| Dataset |
(* Let $\lambda\in\mathbb{C}$, $\mu\ge0$, and let $f\in\mathcal{R}$ with $f(z)=z+\sum_{n=2}^\infty a_nz^n$. Define $F_{\lambda,\mu}(f)=|a_3-\lambda a_2^2|-\mu|a_2|$. Then \[ F_{\lambda,\mu}(f)\le\begin{cases}\dfrac13\big(|2-3\lambda|-3\mu\big), & |2-3\lambda|\ge2+3\mu,\\[2mm] \dfrac23, & |2-3\lambda|<2+3\mu,\end{cases} \] and \[ F_{\lambda,\mu}(f)\ge\begin{cases}-\dfrac13\big(3\mu-|2-3\lambda|\big), & |2-3\lambda|\le\dfrac{3\mu-4}{2},\\[2mm] -\mu\sqrt{\dfrac{2}{|2-3\lambda|+2}}, & |2-3\lambda|\ge\dfrac{9\mu^2-16}{8},\\[2mm] -\dfrac1{12}\left(8+\dfrac{9\mu^2}{|2-3\lambda|+2}\right), & \dfrac{3\mu-4}{2}<|2-3\lambda|<\dfrac{9\mu^2-16}{8}.\end{cases} \] All inequalities are sharp (each bound is attained by some $f\in\mathcal{R}$).
   Context: $\mathbb{D}$ is the open unit disk; $\mathcal{A}$ is the class of holomorphic $f$ on $\mathbb{D}$ with $f(0)=0$, $f'(0)=1$; $\mathcal{R}=\{f\in\mathcal{A}:\operatorname{Re} f'(z)>0\ \forall z\in\mathbb{D}\}$ (functions of bounded turning). *)

theory Defs
  imports "HOL-Complex_Analysis.Complex_Analysis"
begin

definition bounded_turning :: "(complex \<Rightarrow> complex) set" where
  "bounded_turning = {f. f holomorphic_on ball 0 1 \<and> f 0 = 0 \<and> deriv f 0 = 1 \<and>
      (\<forall>z\<in>ball 0 1. Re (deriv f z) > 0)}"

definition tcoeff :: "(complex \<Rightarrow> complex) \<Rightarrow> nat \<Rightarrow> complex" where
  "tcoeff f n = (deriv ^^ n) f 0 / of_nat (fact n)"

definition Ffun :: "complex \<Rightarrow> real \<Rightarrow> (complex \<Rightarrow> complex) \<Rightarrow> real" where
  "Ffun lam mu f = cmod (tcoeff f 3 - lam * (tcoeff f 2)^2) - mu * cmod (tcoeff f 2)"

end

(*
  The Cayley transform w = (f' - 1)/(f' + 1) of a function f of bounded turning maps the
  disc into itself and fixes 0, so w(z) = z g(z) with |g| <= 1, i.e. f' = (1 + z g)/(1 - z g).
  Differentiating gives a_2 = g(0) and a_3 = 2/3 (g'(0) + g(0)^2), and the Schwarz-Pick
  inequality |g'(0)| <= 1 - |g(0)|^2 is the only constraint: Moebius maps realise every
  admissible pair.  With r = |a_2| and A = |2 - 3 lambda| the triangle inequality then
  confines F to the interval between max(0, (A + 2) r^2 - 2)/3 - mu r and
  ((A - 2) r^2 + 2)/3 - mu r, both ends being attained, so the five bounds are the extrema
  of these two envelopes over 0 <= r <= 1.
*)
theory Submission
  imports Defs
begin

lemma deriv_cong_open:
  assumes "open S" "x \<in> S" "\<And>z. z \<in> S \<Longrightarrow> F z = G z"
  shows "deriv F x = deriv G x"
  using eventually_nhds_in_open[OF assms(1,2)] assms(3)
  by (intro deriv_cong_ev) (auto elim: eventually_mono)

lemma norm_mult_less_1:
  assumes "cmod z < 1" "cmod w \<le> 1"
  shows "cmod (z * w) < 1"
proof -
  have "cmod z * cmod w \<le> cmod z"
    using assms by (simp add: mult_left_le)
  then show ?thesis
    using assms by (simp add: norm_mult)
qed

lemma one_minus_neq_0_if_norm_less_1: "cmod (u::complex) < 1 \<Longrightarrow> 1 - u \<noteq> 0"
  by auto

lemma Re_Cayley_pos:
  assumes "cmod u < 1"
  shows "0 < Re ((1 + u) / (1 - u))"
proof -
  have "Re ((1 + u) / (1 - u)) = (1 - (cmod u)\<^sup>2) / (cmod (1 - u))\<^sup>2"
    unfolding Re_divide cmod_power2 by (simp add: power2_eq_square algebra_simps)
  moreover have "u \<noteq> 1" "(cmod u)\<^sup>2 < 1"
    using assms by (auto simp: power_less_one_iff)
  ultimately show ?thesis by simp
qed

lemma norm_Cayley_inverse_less_1:
  assumes "0 < Re q"
  shows "cmod ((q - 1) / (q + 1)) < 1"
proof -
  have "(cmod (q - 1))\<^sup>2 < (cmod (q + 1))\<^sup>2"
    using assms unfolding cmod_power2 by (simp add: power2_eq_square algebra_simps)
  then have "cmod (q - 1) < cmod (q + 1)"
    by (rule power_less_imp_less_base) simp
  then show ?thesis
    by (simp add: norm_divide divide_less_eq)
qed

lemma Cayley_inverse:
  assumes "q + 1 \<noteq> (0::complex)"
  shows "(1 + (q - 1) / (q + 1)) / (1 - (q - 1) / (q + 1)) = q"
proof -
  have "1 + (q - 1) / (q + 1) = 2 * q / (q + 1)" "1 - (q - 1) / (q + 1) = 2 / (q + 1)"
    using assms by (simp_all add: field_simps)
  then show ?thesis
    using assms by simp
qed

lemma Schwarz_Pick_deriv_0:
  assumes g: "g holomorphic_on ball 0 1" and lt: "\<And>z. z \<in> ball 0 1 \<Longrightarrow> cmod (g z) < 1"
  shows "cmod (deriv g 0) \<le> 1 - (cmod (g 0))\<^sup>2"
proof -
  define a where "a = g 0"
  have a: "cmod a < 1"
    using lt[of 0] by (simp add: a_def)
  have den: "1 - cnj a * g z \<noteq> 0" if "z \<in> ball 0 1" for z
    using one_minus_neq_0_if_norm_less_1[OF norm_mult_less_1] a lt[OF that] by simp
  define h where "h = Moebius_function 0 a \<circ> g"
  have h_eq: "h z = (g z - a) / (1 - cnj a * g z)" for z
    by (simp add: h_def Moebius_function_simple)
  have "h holomorphic_on ball 0 1"
    unfolding h_eq[abs_def] using den by (intro holomorphic_intros g) auto
  moreover have "h 0 = 0"
    by (simp add: h_eq a_def)
  moreover have "cmod (h z) < 1" if "cmod z < 1" for z
    using Moebius_function_norm_lt_1[OF a lt] that by (simp add: h_def)
  ultimately have "cmod (deriv h 0) \<le> 1"
    by (rule Schwarz_Lemma(2)[where \<xi> = 0]) simp_all
  have "1 - cnj a * a \<noteq> 0"
    using den[of 0] by (simp add: a_def)
  then have "(h has_field_derivative deriv g 0 / (1 - cnj a * a)) (at 0)"
    unfolding h_eq[abs_def]
    by (auto intro!: derivative_eq_intros holomorphic_derivI[OF g] simp: a_def[symmetric] power2_eq_square)
  moreover have "1 - cnj a * a = of_real (1 - (cmod a)\<^sup>2)"
    by (simp only: complex_norm_square mult.commute of_real_diff of_real_1)
  ultimately have "deriv h 0 = deriv g 0 / of_real (1 - (cmod a)\<^sup>2)"
    by (metis DERIV_imp_deriv)
  moreover have pos: "0 < 1 - (cmod a)\<^sup>2"
    using a by (simp add: power_less_one_iff)
  ultimately have "cmod (deriv h 0) = cmod (deriv g 0) / (1 - (cmod a)\<^sup>2)"
    by (simp only: norm_divide norm_of_real abs_of_pos)
  with \<open>cmod (deriv h 0) \<le> 1\<close> pos show ?thesis
    by (simp add: a_def divide_le_eq)
qed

| Exercise directions |
Go through the records above and copy every line with the word "Longrightarrow".

| Solved exercise |
  assumes "open S" "x \<in> S" "\<And>z. z \<in> S \<Longrightarrow> F z = G z"
lemma one_minus_neq_0_if_norm_less_1: "cmod (u::complex) < 1 \<Longrightarrow> 1 - u \<noteq> 0"
  assumes g: "g holomorphic_on ball 0 1" and lt: "\<And>z. z \<in> ball 0 1 \<Longrightarrow> cmod (g z) < 1"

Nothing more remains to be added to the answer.